◆ **What you will do**: For each line below, print it again exactly as shown.

◆ **Data under study**:
(* Suppose that $G \leq \mathrm{Homeo}^+(\mathbb{R})$ acts on $\mathbb{R}$ with no fixed points, and that $G^0 \neq 1$. Then the transitivity degree of $G$ is at most $2$.
   Context: $\mathrm{Homeo}^+(\mathbb{R})$ is the group of orientation-preserving homeomorphisms of $\mathbb{R}$, and $G^0$ is the subgroup of compactly supported elements of $G$. The transitivity degree of a group is the supremum of all $k$ such that it admits a faithful action on a set that is transitive on ordered $k$-tuples of distinct elements. *)

theory Defs
  imports "HOL-Analysis.Analysis"
begin

definition homeo_plus :: "(real \<Rightarrow> real) \<Rightarrow> bool" where
  "homeo_plus f \<longleftrightarrow> strict_mono f \<and> (\<exists>g. homeomorphism UNIV UNIV f g)"

definition subgroup_homeo_plus :: "(real \<Rightarrow> real) set \<Rightarrow> bool" where
  "subgroup_homeo_plus G \<longleftrightarrow>
     (\<forall>g\<in>G. homeo_plus g) \<and> id \<in> G \<and>
     (\<forall>g\<in>G. \<forall>h\<in>G. g \<circ> h \<in> G) \<and> (\<forall>g\<in>G. inv g \<in> G)"

definition compactly_supported :: "(real \<Rightarrow> real) \<Rightarrow> bool" where
  "compactly_supported g \<longleftrightarrow> compact (closure {x. g x \<noteq> x})"

definition group_action_on ::
  "(real \<Rightarrow> real) set \<Rightarrow> 'x set \<Rightarrow> ((real \<Rightarrow> real) \<Rightarrow> 'x \<Rightarrow> 'x) \<Rightarrow> bool" where
  "group_action_on G X act \<longleftrightarrow>
     (\<forall>g\<in>G. \<forall>x\<in>X. act g x \<in> X) \<and>
     (\<forall>x\<in>X. act id x = x) \<and>
     (\<forall>g\<in>G. \<forall>h\<in>G. \<forall>x\<in>X. act (g \<circ> h) x = act g (act h x))"

definition faithful_action ::
  "(real \<Rightarrow> real) set \<Rightarrow> 'x set \<Rightarrow> ((real \<Rightarrow> real) \<Rightarrow> 'x \<Rightarrow> 'x) \<Rightarrow> bool" where
  "faithful_action G X act \<longleftrightarrow>
     (\<forall>g\<in>G. (\<forall>x\<in>X. act g x = x) \<longrightarrow> g = id)"

text \<open>Transitive on ordered k-tuples of distinct elements (the set of such tuples
  must be nonempty, as transitive actions are on nonempty sets).\<close>
definition k_transitive ::
  "(real \<Rightarrow> real) set \<Rightarrow> 'x set \<Rightarrow> ((real \<Rightarrow> real) \<Rightarrow> 'x \<Rightarrow> 'x) \<Rightarrow> nat \<Rightarrow> bool" where
  "k_transitive G X act k \<longleftrightarrow>
     (\<exists>t. (\<forall>i<k. t i \<in> X) \<and> inj_on t {..<k}) \<and>
     (\<forall>s t. (\<forall>i<k. s i \<in> X) \<and> inj_on s {..<k} \<and>
            (\<forall>i<k. t i \<in> X) \<and> inj_on t {..<k} \<longrightarrow>
            (\<exists>g\<in>G. \<forall>i<k. act g (s i) = t i))"

end

theory Submission
  imports Defs
begin

text \<open>
  For x, y in X let thresholds x y be the set of reals t such that some element of G whose
  support lies in a bounded interval to the left of t carries x to y. These sets are upward
  closed, hence pairwise comparable, and equivariant: h maps thresholds x y onto
  thresholds (h x) (h y). A 3-cycle h of x, y, z, which exists by 3-transitivity, permutes
  thresholds x y, thresholds y z, thresholds z x cyclically; comparability then forces them to
  be equal, so all threshold sets coincide with one G-invariant upward closed set P.
  P is nonempty because G contains a nontrivial compactly supported element, and P is all of R,
  since otherwise Inf P would be a common fixed point of G.

  Then x0 can be carried to y0 by elements m1, m2 supported in disjoint intervals. The element
  c = m1^-1 m2 fixes x0 and commutes with elements supported further to the left, which carry
  x0 to any other point of X. Hence c acts trivially, so c = id by faithfulness, and m1 = m2
  has empty support, contradicting m1 x0 = y0.
\<close>

definition moved :: "('a \<Rightarrow> 'a) \<Rightarrow> 'a set" where
  "moved f = {x. f x \<noteq> x}"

◆ **Result below**:
(* Suppose that $G \leq \mathrm{Homeo}^+(\mathbb{R})$ acts on $\mathbb{R}$ with no fixed points, and that $G^0 \neq 1$. Then the transitivity degree of $G$ is at most $2$.
   Context: $\mathrm{Homeo}^+(\mathbb{R})$ is the group of orientation-preserving homeomorphisms of $\mathbb{R}$, and $G^0$ is the subgroup of compactly supported elements of $G$. The transitivity degree of a group is the supremum of all $k$ such that it admits a faithful action on a set that is transitive on ordered $k$-tuples of distinct elements. *)

theory Defs
  imports "HOL-Analysis.Analysis"
begin

definition homeo_plus :: "(real \<Rightarrow> real) \<Rightarrow> bool" where
  "homeo_plus f \<longleftrightarrow> strict_mono f \<and> (\<exists>g. homeomorphism UNIV UNIV f g)"

definition subgroup_homeo_plus :: "(real \<Rightarrow> real) set \<Rightarrow> bool" where
  "subgroup_homeo_plus G \<longleftrightarrow>
     (\<forall>g\<in>G. homeo_plus g) \<and> id \<in> G \<and>
     (\<forall>g\<in>G. \<forall>h\<in>G. g \<circ> h \<in> G) \<and> (\<forall>g\<in>G. inv g \<in> G)"

definition compactly_supported :: "(real \<Rightarrow> real) \<Rightarrow> bool" where
  "compactly_supported g \<longleftrightarrow> compact (closure {x. g x \<noteq> x})"

definition group_action_on ::
  "(real \<Rightarrow> real) set \<Rightarrow> 'x set \<Rightarrow> ((real \<Rightarrow> real) \<Rightarrow> 'x \<Rightarrow> 'x) \<Rightarrow> bool" where
  "group_action_on G X act \<longleftrightarrow>
     (\<forall>g\<in>G. \<forall>x\<in>X. act g x \<in> X) \<and>
     (\<forall>x\<in>X. act id x = x) \<and>
     (\<forall>g\<in>G. \<forall>h\<in>G. \<forall>x\<in>X. act (g \<circ> h) x = act g (act h x))"

definition faithful_action ::
  "(real \<Rightarrow> real) set \<Rightarrow> 'x set \<Rightarrow> ((real \<Rightarrow> real) \<Rightarrow> 'x \<Rightarrow> 'x) \<Rightarrow> bool" where
  "faithful_action G X act \<longleftrightarrow>
     (\<forall>g\<in>G. (\<forall>x\<in>X. act g x = x) \<longrightarrow> g = id)"

text \<open>Transitive on ordered k-tuples of distinct elements (the set of such tuples
  must be nonempty, as transitive actions are on nonempty sets).\<close>
definition k_transitive ::
  "(real \<Rightarrow> real) set \<Rightarrow> 'x set \<Rightarrow> ((real \<Rightarrow> real) \<Rightarrow> 'x \<Rightarrow> 'x) \<Rightarrow> nat \<Rightarrow> bool" where
  "k_transitive G X act k \<longleftrightarrow>
     (\<exists>t. (\<forall>i<k. t i \<in> X) \<and> inj_on t {..<k}) \<and>
     (\<forall>s t. (\<forall>i<k. s i \<in> X) \<and> inj_on s {..<k} \<and>
            (\<forall>i<k. t i \<in> X) \<and> inj_on t {..<k} \<longrightarrow>
            (\<exists>g\<in>G. \<forall>i<k. act g (s i) = t i))"

end

theory Submission
  imports Defs
begin

text \<open>
  For x, y in X let thresholds x y be the set of reals t such that some element of G whose
  support lies in a bounded interval to the left of t carries x to y. These sets are upward
  closed, hence pairwise comparable, and equivariant: h maps thresholds x y onto
  thresholds (h x) (h y). A 3-cycle h of x, y, z, which exists by 3-transitivity, permutes
  thresholds x y, thresholds y z, thresholds z x cyclically; comparability then forces them to
  be equal, so all threshold sets coincide with one G-invariant upward closed set P.
  P is nonempty because G contains a nontrivial compactly supported element, and P is all of R,
  since otherwise Inf P would be a common fixed point of G.

  Then x0 can be carried to y0 by elements m1, m2 supported in disjoint intervals. The element
  c = m1^-1 m2 fixes x0 and commutes with elements supported further to the left, which carry
  x0 to any other point of X. Hence c acts trivially, so c = id by faithfulness, and m1 = m2
  has empty support, contradicting m1 x0 = y0.
\<close>

definition moved :: "('a \<Rightarrow> 'a) \<Rightarrow> 'a set" where
  "moved f = {x. f x \<noteq> x}"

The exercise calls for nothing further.